Simultaneous Near‐Surface Trace Doping and Surface Modifications by Gas–Solid Reactions during One‐Pot Synthesis Enable Stable High‐Voltage Performance of LiCoO2

Abstract

AbstractLiCoO2 (LCO) with a high theoretical capacity of 274 mAh g–1 can rarely achieve a high practical capacity even at an upper cutoff voltage of 4.6 V due to severe structural instability and interface side reactions. Herein, an in situ strategy of gas–solid modifications during synthesis is proposed to improve the performance of LCO using sulfocompound‐contained expanded graphite (EG) as templates.

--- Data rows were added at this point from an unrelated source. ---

lemma (in prob_space) prob_all_ge_1_minus_sum:
  assumes "finite I" "\<And>i. i \<in> I \<Longrightarrow> A i \<in> events" "\<And>i. i \<in> I \<Longrightarrow> 1 - beta i \<le> prob (A i)"
  shows "1 - sum beta I \<le> prob {x \<in> space M. \<forall>i\<in>I. x \<in> A i}"
proof -
  have "space M - {x \<in> space M. \<forall>i\<in>I. x \<in> A i} = (\<Union>i\<in>I. space M - A i)"
    by auto
  moreover have "prob (\<Union>i\<in>I. space M - A i) \<le> (\<Sum>i\<in>I. prob (space M - A i))"
    using assms(2) by (intro finite_measure_subadditive_finite[OF assms(1)]) auto
  moreover have "(\<Sum>i\<in>I. prob (space M - A i)) \<le> sum beta I"
  proof (rule sum_mono)
    fix i assume "i \<in> I"
    then show "prob (space M - A i) \<le> beta i"
      using prob_compl assms(2,3) by (metis diff_le_eq add.commute)
  qed
  moreover have "{x \<in> space M. \<forall>i\<in>I. x \<in> A i} \<in> events"
    using assms(1,2) by (auto intro: sets.sets_Collect_finite_All)
  ultimately show ?thesis
    using prob_compl by fastforce
qed

lemma PiM_component_preimage:
  assumes "\<And>i. i \<in> I \<Longrightarrow> prob_space (M i)" "i \<in> I" "A \<in> sets (M i)"
  shows "(\<lambda>\<omega>. \<omega> i) -` A \<inter> space (\<Pi>\<^sub>M i\<in>I. M i) \<in> sets (\<Pi>\<^sub>M i\<in>I. M i)"
    and "measure (\<Pi>\<^sub>M i\<in>I. M i) ((\<lambda>\<omega>. \<omega> i) -` A \<inter> space (\<Pi>\<^sub>M i\<in>I. M i)) = measure (M i) A"
proof -
  have component: "(\<lambda>\<omega>. \<omega> i) \<in> measurable (\<Pi>\<^sub>M i\<in>I. M i) (M i)"
    using assms(2) by (rule measurable_component_singleton)
  then show "(\<lambda>\<omega>. \<omega> i) -` A \<inter> space (\<Pi>\<^sub>M i\<in>I. M i) \<in> sets (\<Pi>\<^sub>M i\<in>I. M i)"
    using assms(3) by (rule measurable_sets)
  show "measure (\<Pi>\<^sub>M i\<in>I. M i) ((\<lambda>\<omega>. \<omega> i) -` A \<inter> space (\<Pi>\<^sub>M i\<in>I. M i)) = measure (M i) A"
    using measure_distr[OF component assms(3)] distr_PiM_component[of I M i, OF assms(1,2)] by simp
qed

lemma prob_wball_radius_ge:
  fixes P :: "'b::euclidean_space measure" and n :: nat and Xi :: "'b set"
  defines "M \<equiv> \<Pi>\<^sub>M k\<in>{..<n}. P"
  defines "G \<equiv> \<lambda>e. {s \<in> space M. P \<in> wball Xi e (empirical n s)}"
  assumes "prob_space P"
    and FG: "\<And>e. 0 < e \<Longrightarrow> 1 - c * exp (- b * real n * (if e \<le> 1 then e powr real (max p 2) else e powr a))
                          \<le> measure M (G e)"
    and "1 \<le> n" "0 < b" "1 < a" "0 < beta" "beta < 1"
  shows "G (radius c b p a n beta) \<in> sets M \<and> 1 - beta \<le> measure M (G (radius c b p a n beta))"
proof -
  interpret M: prob_space M
    unfolding M_def using assms by (intro prob_space_PiM) auto
  define r where "r = radius c b p a n beta"
  have "1 - beta \<le> measure M (G r)"
  proof (cases "beta < c")
    case True
    have "0 < r" "c * exp (- b * real n * (if r \<le> 1 then r powr real (max p 2) else r powr a)) = beta"
      using radius_rate[of beta c b n a p] True assms unfolding r_def by auto
    then show ?thesis
      using FG[of r] by simp
  next
    case False
    text \<open>Then the radius formula takes a \<open>powr\<close> of a nonpositive number, so the radius is
      \<open>0\<close> or a junk value; but since \<open>c \<le> beta\<close>, the bound holds at every radius \<open>\<ge> 0\<close>.\<close>
    have bound: "1 - beta \<le> measure M (G e)" if "0 < e" for e
    proof -
      define x where "x = exp (- b * real n * (if e \<le> 1 then e powr real (max p 2) else e powr a))"
      have "0 < x" "x \<le> 1"
        unfolding x_def using assms by simp_all
      then have "c * x \<le> beta"
        using False \<open>0 < beta\<close> by (smt (verit) mult_left_le mult_neg_pos)
      then show ?thesis
        using FG[OF \<open>0 < e\<close>] unfolding x_def by linarith
    qed
    show ?thesis
    proof (cases "r = 0")
      case False
      then have "0 < r"
        using radius_nonneg[of c b p a n beta] unfolding r_def by linarith
      then show ?thesis
        by (rule bound)
    next
      case True
      have "G 0 = (\<Inter>j. G (1 / Suc j))"
        unfolding G_def using wball_0_eq_INT[of Xi] by auto
      moreover have "range (\<lambda>j. G (1 / Suc j)) \<subseteq> sets M"
      proof -
        have "0 < measure M (G (1 / Suc j))" for j :: nat
          using bound[of "1 / Suc j"] \<open>beta < 1\<close> by simp
        then show ?thesis
          by (auto intro: sets_of_measure_pos)
      qed
      moreover have "decseq (\<lambda>j. G (1 / Suc j))"
      proof (rule decseq_SucI)
        fix j :: nat
        have "1 / real (Suc (Suc j)) \<le> 1 / real (Suc j)"
          by (simp add: frac_le)
        then show "G (1 / Suc (Suc j)) \<subseteq> G (1 / Suc j)"
          unfolding G_def using wball_mono by blast
      qed
      ultimately show ?thesis
        using M.measure_INT_decseq_ge bound True by simp
    qed
  qed
  moreover from this have "G r \<in> sets M"
    using \<open>beta < 1\<close> by (intro sets_of_measure_pos) simp
  ultimately show ?thesis
    unfolding r_def by simp
qed

theorem lemma4:
  fixes N :: nat
    and X :: "nat \<Rightarrow> 'a::euclidean_space set"
    and Xi :: "nat \<Rightarrow> 'b::euclidean_space set"
    and P :: "nat \<Rightarrow> 'b measure"
    and h :: "nat \<Rightarrow> (nat \<Rightarrow> 'a) \<Rightarrow> 'b \<Rightarrow> real"
    and K :: "nat \<Rightarrow> nat"
    and beta a c b :: "nat \<Rightarrow> real"
    and A :: "nat \<Rightarrow> real"
    and xstar :: "(nat \<Rightarrow> nat \<Rightarrow> 'b) \<Rightarrow> nat \<Rightarrow> 'a"
  assumes p_ne_2: "DIM('b) \<noteq> 2"
    and Xi_borel: "\<forall>i<N. Xi i \<in> sets borel"
    and P_distr: "\<forall>i<N. P i \<in> distrs (Xi i)"
    and h_meas: "\<forall>i<N. \<forall>x. h i x \<in> borel_measurable borel"
    and light_tail: "\<forall>i<N. a i > 1 \<and>
          (\<integral>\<^sup>+ \<xi>. ennreal (exp (norm \<xi> powr a i)) \<partial>P i) = ennreal (A i)"
    and const_pos: "\<forall>i<N. c i > 0 \<and> b i > 0"
    and fournier_guillin: "\<forall>i<N. \<forall>n::nat. n \<ge> 1 \<longrightarrow> (\<forall>\<epsilon>>0.
          measure (\<Pi>\<^sub>M k\<in>{..<n}. P i)
            {s \<in> space (\<Pi>\<^sub>M k\<in>{..<n}. P i). P i \<in> wball (Xi i) \<epsilon> (empirical n s)}
          \<ge> 1 - c i * exp (- b i * real n *
                (if \<epsilon> \<le> 1 then \<epsilon> powr real (max DIM('b) 2) else \<epsilon> powr a i)))"
    and K_pos: "\<forall>i<N. K i \<ge> 1"
    and beta_range: "\<forall>i<N. 0 < beta i \<and> beta i < 1"
    and DRNE: "\<forall>s\<in>space (multisample N K P).
          is_DRNE N X Xi (\<lambda>i. radius (c i) (b i) DIM('b) (a i) (K i) (beta i))
                  (\<lambda>i. empirical (K i) (s i)) h (xstar s)"
    and event_meas: "{s \<in> space (multisample N K P). \<forall>i<N.
          ereal (\<integral>\<xi>. h i (xstar s) \<xi> \<partial>P i)
          \<le> worst_exp (Xi i) (radius (c i) (b i) DIM('b) (a i) (K i) (beta i))
                       (empirical (K i) (s i)) (h i (xstar s))} \<in> sets (multisample N K P)"
  shows "measure (multisample N K P)
           {s \<in> space (multisample N K P). \<forall>i<N.
              ereal (\<integral>\<xi>. h i (xstar s) \<xi> \<partial>P i)
              \<le> worst_exp (Xi i) (radius (c i) (b i) DIM('b) (a i) (K i) (beta i))
                           (empirical (K i) (s i)) (h i (xstar s))}
         \<ge> 1 - (\<Sum>i<N. beta i)"
proof -
  define r where "r i = radius (c i) (b i) DIM('b) (a i) (K i) (beta i)" for i
  define M where "M i = (\<Pi>\<^sub>M k\<in>{..<K i}. P i)" for i
  define G where "G i = {t \<in> space (M i). P i \<in> wball (Xi i) (r i) (empirical (K i) t)}" for i
  define H where "H i = (\<lambda>s. s i) -` G i \<inter> space (multisample N K P)" for i
  have P_prob: "prob_space (P i)" if "i < N" for i
    using P_distr that unfolding distrs_def by blast
  have M_prob: "prob_space (M i)" if "i < N" for i
    unfolding M_def using P_prob[OF that] by (intro prob_space_PiM) auto
  have multisample_eq: "multisample N K P = (\<Pi>\<^sub>M i\<in>{..<N}. M i)"
    unfolding multisample_def M_def ..
  interpret prob_space "multisample N K P"
    unfolding multisample_eq using M_prob by (intro prob_space_PiM) auto
  have G: "G i \<in> sets (M i) \<and> 1 - beta i \<le> measure (M i) (G i)" if "i < N" for i
  proof -
    have "1 \<le> K i" "0 < b i" "1 < a i" "0 < beta i" "beta i < 1"
      using K_pos const_pos light_tail beta_range that by auto
    then show ?thesis
      unfolding G_def M_def r_def
      by (intro prob_wball_radius_ge[OF P_prob[OF that] fournier_guillin[rule_format, OF that \<open>1 \<le> K i\<close>]])
  qed
  have H: "H i \<in> events \<and> 1 - beta i \<le> prob (H i)" if "i < N" for i
    using PiM_component_preimage[of "{..<N}" M i "G i"] M_prob G[OF that] that
    unfolding H_def multisample_eq by simp
  have dominated: "ereal (\<integral>\<xi>. h i (xstar s) \<xi> \<partial>P i)
      \<le> worst_exp (Xi i) (r i) (empirical (K i) (s i)) (h i (xstar s))" if "s \<in> H i" for s i
    using that unfolding H_def G_def by (auto intro: worst_exp_ge_of_mem_wball)
  have "1 - (\<Sum>i<N. beta i) \<le> prob {s \<in> space (multisample N K P). \<forall>i\<in>{..<N}. s \<in> H i}"
    using H by (intro prob_all_ge_1_minus_sum) auto
  then show ?thesis
    by (rule order_trans[OF _ finite_measure_mono[OF _ event_meas]])
      (auto simp: r_def[symmetric] intro: dominated)
qed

In situ generated SO2 gas from EG enables the Co‐coating of coherent spinel LixCo2O4 and Li2SO4 and the trace doping of high‐valence S mainly in the near‐surface regions via its reactions with the precursors. The modified LCO possesses excellent structural reversibility, interfacial stability, slight dissolution of Co2+, high diffusion coefficients of Li+, and low O 2p band top. This endows LCO with remarkably improved high‐voltage performance, 222 and 143 mAh g‐1 at 0.1 and 20 C, respectively, and 88% capacity retention over 100 cycles at 1 C for LCO/Li half cells between 2.8 and 4.6 V, and 202 mAh g–1 at 1 C and 87% capacity retention over 1000 cycles between 2.8 and 4.5 V for LCO/graphite full cells. This study provides a unique, simple, and upscalable strategy for performance improvement of electrode materials.